I’m writing most of my own tools in go. Sometime ago I found a tool called goreleaser which automates the release process of software written in go.

goreleaser is pretty well documented, therefore this is just a quick overview how I use it. It will do the following things for you:

  • Generate a changelog with the latest commit since the last release.
  • Build artifacts for different architectures (Linux/Mac/Windows).
  • Create a GitHub/GitLab release and attach changelog and artifacts.

Initial setup

  1. Install goreleaser on your machine. (Check out the official docs here) I went with the go install github.com/goreleaser/goreleaser@latest method.

  2. Run goreleaser init to get a default .goreleaser.yml which is used to configure goreleaser.

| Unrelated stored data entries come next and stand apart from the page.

lemma has_derivative_zero_if_scale_invariant:
  fixes f :: "'a::real_normed_vector \<Rightarrow> real"
  assumes D: "(f has_derivative D) (at x)" and inv: "\<And>t. 0 < t \<Longrightarrow> f (t *\<^sub>R x) = f x"
  shows "D x = 0"
proof -
  have "((\<lambda>t. t *\<^sub>R x) has_derivative (\<lambda>t. t *\<^sub>R x)) (at 1)"
    by (auto intro!: derivative_eq_intros)
  moreover have "(f has_derivative D) (at (1 *\<^sub>R x))"
    using D by simp
  ultimately have "((\<lambda>t. f (t *\<^sub>R x)) has_derivative (\<lambda>t. D (t *\<^sub>R x))) (at 1)"
    by (rule has_derivative_compose)
  then have "((\<lambda>t. f x) has_derivative (\<lambda>t. D (t *\<^sub>R x))) (at 1)"
    by (rule has_derivative_transform_within_open[where s="{0<..}"]) (simp_all add: inv)
  then have "(\<lambda>t. D (t *\<^sub>R x)) = (\<lambda>t. 0)"
    using has_derivative_unique has_derivative_const by blast
  then show ?thesis
    by (metis scaleR_one)
qed

lemma frob2_eq_norm_power2: "frob2 A = (norm A)\<^sup>2"
  by (simp add: frob2_def norm_power2_vec)

lemma sum_frob2_eq_norm_power2: "(\<Sum>j\<in>UNIV. frob2 (V $ j)) = (norm V)\<^sup>2"
  by (simp add: frob2_eq_norm_power2 norm_power2_vec)

lemma Ftil_eq:
  "Ftil \<sigma>2 P H V k = mat (of_real (\<sigma>2 / P * (norm V)\<^sup>2))
     + (\<Sum>j\<in>UNIV - {k}. (H $ k ** V $ j) ** cadj (H $ k ** V $ j))"
  by (simp add: Ftil_def sum_frob2_eq_norm_power2 cadj_mult matrix_mul_assoc)

lemma invertible_Ftil:
  assumes "\<sigma>2 > 0" "P > 0" "V \<noteq> 0"
  shows "invertible (Ftil \<sigma>2 P H V k)"
  unfolding Ftil_eq using assms
  by (intro invertible_of_real_plus_psd psd_matrix_sum psd_matrix_gram) simp

lemma psd_Ftil:
  assumes "\<sigma>2 > 0" "P > 0"
  shows "psd_matrix (Ftil \<sigma>2 P H V k)"
  unfolding Ftil_eq using assms
  by (intro psd_matrix_add psd_matrix_mat_of_real psd_matrix_sum psd_matrix_gram) simp

definition sinr_matrix :: "real \<Rightarrow> real \<Rightarrow> complex^'m^'n^'k \<Rightarrow> complex^'d^'m^'k \<Rightarrow> 'k::finite
    \<Rightarrow> complex^'d^'d" where
  "sinr_matrix \<sigma>2 P H V k =
     cadj (V $ k) ** cadj (H $ k) ** matrix_inv (Ftil \<sigma>2 P H V k) ** H $ k ** V $ k"

lemma gfun_eq_sum_sinr_matrix:
  "gfun \<sigma>2 P \<omega> H V = (\<Sum>k\<in>UNIV. \<omega> $ k * ln (Re (det (mat 1 + sinr_matrix \<sigma>2 P H V k))))"
  by (simp add: gfun_def sinr_matrix_def)

lemma psd_sinr_matrix:
  assumes "\<sigma>2 > 0" "P > 0" "V \<noteq> 0"
  shows "psd_matrix (sinr_matrix \<sigma>2 P H V k)"
proof -
  have "sinr_matrix \<sigma>2 P H V k = cadj (H $ k ** V $ k) ** matrix_inv (Ftil \<sigma>2 P H V k) ** (H $ k ** V $ k)"
    by (simp add: sinr_matrix_def cadj_mult matrix_mul_assoc)
  then show ?thesis
    using assms by (simp add: psd_matrix_congruence psd_matrix_inv psd_Ftil invertible_Ftil)
qed

(* Only real scalars act on complex matrices via *\<^sub>R. *)
definition scaleC_mat :: "complex \<Rightarrow> complex^'n^'m \<Rightarrow> complex^'n^'m" where
  "scaleC_mat c A = (\<chi> i j. c * A $ i $ j)"

lemma cscale_nth: "cscale c V $ k = scaleC_mat c (V $ k)"
  by (simp add: vec_eq_iff cscale_def scaleC_mat_def)

lemma scaleC_mat_mult_left: "scaleC_mat c A ** B = scaleC_mat c (A ** B)"
  by (simp add: vec_eq_iff scaleC_mat_def matrix_matrix_mult_def sum_distrib_left mult_ac)

lemma scaleC_mat_mult_right: "A ** scaleC_mat c B = scaleC_mat c (A ** B)"
  by (simp add: vec_eq_iff scaleC_mat_def matrix_matrix_mult_def sum_distrib_left mult_ac)

lemma scaleC_mat_scaleC_mat: "scaleC_mat a (scaleC_mat b A) = scaleC_mat (a * b) A"
  by (simp add: vec_eq_iff scaleC_mat_def mult_ac)

lemma scaleC_mat_of_real: "scaleC_mat (of_real r) A = r *\<^sub>R A"
  by (simp add: vec_eq_iff scaleC_mat_def) (simp add: scaleR_conv_of_real)

lemma scaleC_mat_one: "scaleC_mat 1 A = A"
  by (simp add: vec_eq_iff scaleC_mat_def)

lemma cadj_scaleC_mat: "cadj (scaleC_mat c A) = scaleC_mat (cnj c) (cadj A)"
  by (simp add: vec_eq_iff scaleC_mat_def)

lemma frob2_scaleC_mat: "frob2 (scaleC_mat c A) = (cmod c)\<^sup>2 * frob2 A"
  by (simp add: frob2_def scaleC_mat_def sum_distrib_left norm_mult power_mult_distrib)

lemma cscale_of_real: "cscale (of_real t) V = t *\<^sub>R V"
  by (simp add: vec_eq_iff cscale_def) (simp add: scaleR_conv_of_real)

lemma Ftil_cscale:
  "Ftil \<sigma>2 P H (cscale c V) k = (cmod c)\<^sup>2 *\<^sub>R Ftil \<sigma>2 P H V k"
proof -
  have "cnj c * c = of_real ((cmod c)\<^sup>2)"
    by (metis complex_norm_square mult.commute)
  then have gram: "H $ k ** cscale c V $ j ** cadj (cscale c V $ j) ** cadj (H $ k)
      = (cmod c)\<^sup>2 *\<^sub>R (H $ k ** V $ j ** cadj (V $ j) ** cadj (H $ k))" for j
    by (simp add: cscale_nth cadj_scaleC_mat scaleC_mat_mult_left scaleC_mat_mult_right
        scaleC_mat_scaleC_mat flip: scaleC_mat_of_real del: of_real_power)
  have noise: "mat (of_real (\<sigma>2 / P * (\<Sum>j\<in>UNIV. frob2 (cscale c V $ j))))
      = (cmod c)\<^sup>2 *\<^sub>R (mat (of_real (\<sigma>2 / P * (\<Sum>j\<in>UNIV. frob2 (V $ j)))) :: complex^'n^'n)"
    by (simp add: cscale_nth frob2_scaleC_mat vec_eq_iff mat_def flip: sum_distrib_left)
       (simp add: scaleR_conv_of_real mult_ac)
  show ?thesis
    unfolding Ftil_def gram noise by (simp add: scaleR_add_right scaleR_sum_right)
qed

lemma sinr_matrix_cscale:
  assumes "\<sigma>2 > 0" "P > 0" "V \<noteq> 0" "c \<noteq> 0"
  shows "sinr_matrix \<sigma>2 P H (cscale c V) k = sinr_matrix \<sigma>2 P H V k"
proof -
  have unit: "c * (of_real (inverse ((cmod c)\<^sup>2)) * cnj c) = 1"
    using assms(4) by (simp add: field_simps complex_norm_square del: of_real_power)
  have "matrix_inv (Ftil \<sigma>2 P H (cscale c V) k)
      = scaleC_mat (of_real (inverse ((cmod c)\<^sup>2))) (matrix_inv (Ftil \<sigma>2 P H V k))"
    using assms by (simp add: Ftil_cscale matrix_inv_scaleR invertible_Ftil scaleC_mat_of_real
        del: of_real_power of_real_inverse)
  then show ?thesis
    unfolding sinr_matrix_def
    by (simp add: cscale_nth cadj_scaleC_mat scaleC_mat_mult_left scaleC_mat_mult_right
        scaleC_mat_scaleC_mat unit scaleC_mat_one del: of_real_power of_real_inverse)
qed

lemma gfun_cscale:
  assumes "\<sigma>2 > 0" "P > 0" "V \<noteq> 0" "c \<noteq> 0"
  shows "gfun \<sigma>2 P \<omega> H (cscale c V) = gfun \<sigma>2 P \<omega> H V"
  using assms by (simp add: gfun_eq_sum_sinr_matrix sinr_matrix_cscale)

lemma entrywise_differentiable_Ftil: "entrywise_differentiable (\<lambda>V. Ftil \<sigma>2 P H V k) x"
proof -
  have "(\<lambda>V. V \<bullet> V) differentiable (at x)"
    by (rule differentiableI[OF has_derivative_inner[OF has_derivative_ident has_derivative_ident]])
  then have "(\<lambda>V. of_real (\<sigma>2 / P * (norm V)\<^sup>2) :: complex) differentiable (at x)"
    unfolding of_real_def power2_norm_eq_inner
    by (intro differentiable_scaleR differentiable_mult differentiable_const)
  then show ?thesis
    unfolding Ftil_eq
    by (intro entrywise_differentiable_add entrywise_differentiable_mat entrywise_differentiable_sum
        entrywise_differentiable_mult entrywise_differentiable_cadj entrywise_differentiable_const
        entrywise_differentiable_vec_nth)
qed

lemma differentiable_gfun:
  assumes "\<sigma>2 > 0" "P > 0" "V \<noteq> 0"
  shows "gfun \<sigma>2 P \<omega> H differentiable (at V)"
proof -
  have "(\<lambda>W. \<omega> $ k * ln (Re (det (mat 1 + sinr_matrix \<sigma>2 P H W k)))) differentiable (at V)" for k
  proof -
    have "det (Ftil \<sigma>2 P H V k) \<noteq> 0"
      using invertible_Ftil[OF assms] by (simp add: invertible_det_nz)
    then have "entrywise_differentiable (\<lambda>W. mat 1 + sinr_matrix \<sigma>2 P H W k) V"
      unfolding sinr_matrix_def
      by (intro entrywise_differentiable_add entrywise_differentiable_mult entrywise_differentiable_const
          entrywise_differentiable_cadj entrywise_differentiable_vec_nth
          entrywise_differentiable_matrix_inv entrywise_differentiable_Ftil)
    then have "(\<lambda>W. Re (det (mat 1 + sinr_matrix \<sigma>2 P H W k))) differentiable (at V)"
      by (rule differentiable_compose[OF bounded_linear_imp_differentiable[OF bounded_linear_Re]
          differentiable_det])
    moreover have "0 < Re (det (mat 1 + sinr_matrix \<sigma>2 P H V k))"
      using assms by (intro det_one_plus_psd_pos psd_sinr_matrix)
    then have "ln differentiable (at (Re (det (mat 1 + sinr_matrix \<sigma>2 P H V k))))"
      by (rule differentiableI[OF has_field_derivative_imp_has_derivative[OF DERIV_ln]])
    ultimately show ?thesis
      by (intro differentiable_mult differentiable_const) (rule differentiable_compose)
  qed
  then show ?thesis
    unfolding gfun_eq_sum_sinr_matrix by (intro differentiable_sum) auto
qed

theorem lemma1:
  fixes \<sigma>2 P :: real and \<omega> :: "real^'k::finite"
    and H :: "complex^'m::finite^'n::finite^'k"
    and V :: "complex^'d::finite^'m^'k"
  assumes "\<sigma>2 > 0" and "P > 0" and "\<forall>k. \<omega> $ k > 0"
    and "V \<noteq> 0"
  shows "(\<forall>c::complex. c \<noteq> 0 \<longrightarrow> gfun \<sigma>2 P \<omega> H V = gfun \<sigma>2 P \<omega> H (cscale c V))
     \<and> (\<exists>G. (gfun \<sigma>2 P \<omega> H has_derivative (\<lambda>h. G \<bullet> h)) (at V) \<and> G \<bullet> V = 0)"
proof (intro conjI allI impI)
  fix c :: complex
  assume "c \<noteq> 0"
  then show "gfun \<sigma>2 P \<omega> H V = gfun \<sigma>2 P \<omega> H (cscale c V)"
    using gfun_cscale assms(1,2,4) by metis
next
  obtain D where D: "(gfun \<sigma>2 P \<omega> H has_derivative D) (at V)"
    using differentiable_gfun[OF assms(1,2,4)] by (auto simp: differentiable_def)
  have "D V = 0"
  proof (rule has_derivative_zero_if_scale_invariant[OF D])
    fix t :: real
    assume "0 < t"
    then show "gfun \<sigma>2 P \<omega> H (t *\<^sub>R V) = gfun \<sigma>2 P \<omega> H V"
      using gfun_cscale[OF assms(1,2,4), of "of_real t"] by (simp add: cscale_of_real)
  qed
  moreover have "D = (\<lambda>h. adjoint D 1 \<bullet> h)"
    using linear_real_eq_inner_adjoint[OF has_derivative_linear[OF D]] by blast
  ultimately show "\<exists>G. (gfun \<sigma>2 P \<omega> H has_derivative (\<lambda>h. G \<bullet> h)) (at V) \<and> G \<bullet> V = 0"
    using D by metis
qed

end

  3. Adjust the configuration.

before:
  hooks:
    - go mod tidy
builds:
  - env:
      - CGO_ENABLED=0
    goos:
      - linux
      - windows
      - darwin
archives:
  - replacements:
      darwin: Darwin
      linux: Linux
      windows: Windows
      amd64: x86_64
checksum:
  name_template: 'checksums.txt'
snapshot:
  name_template: "{{ .Tag }}-next"
changelog:
  sort: asc
  filters:
    exclude:
      - '^docs:'
      - '^test:'

I used this configuration to release go-jump.

Release via CI

To simplify the release process even more you can run gorelease on GitHub Actions or GitLab CI. This is an example for GitHub Actions. Store it as .github/workflows/release.yaml in your repository root.

name: goreleaser

on:
  push:
    tags:
      - '*'

jobs:
  goreleaser:
    runs-on: ubuntu-latest
    steps:
      - name: Checkout
        uses: actions/checkout@v2
        with:
          fetch-depth: 0
      - name: Set up Go
        uses: actions/setup-go@v2
        with:
          go-version: 1.16
      - name: Run GoReleaser
        uses: goreleaser/goreleaser-action@v2
        with:
          version: latest
          args: release --rm-dist
        env:
          GITHUB_TOKEN: ${{ secrets.GITHUB_TOKEN }}

Then create a new git tag and push it:

git tag -a v0.1.0 -m "My release"
git push origin v0.1.0

Conclusion

I really like how easy gorelease is to use and it removes a repetitive task from my release process. The documentation is perfect and the defaults are sane (the example above are more or less exactly the defaults!). So I’m going to add goreleaser to all of my projects!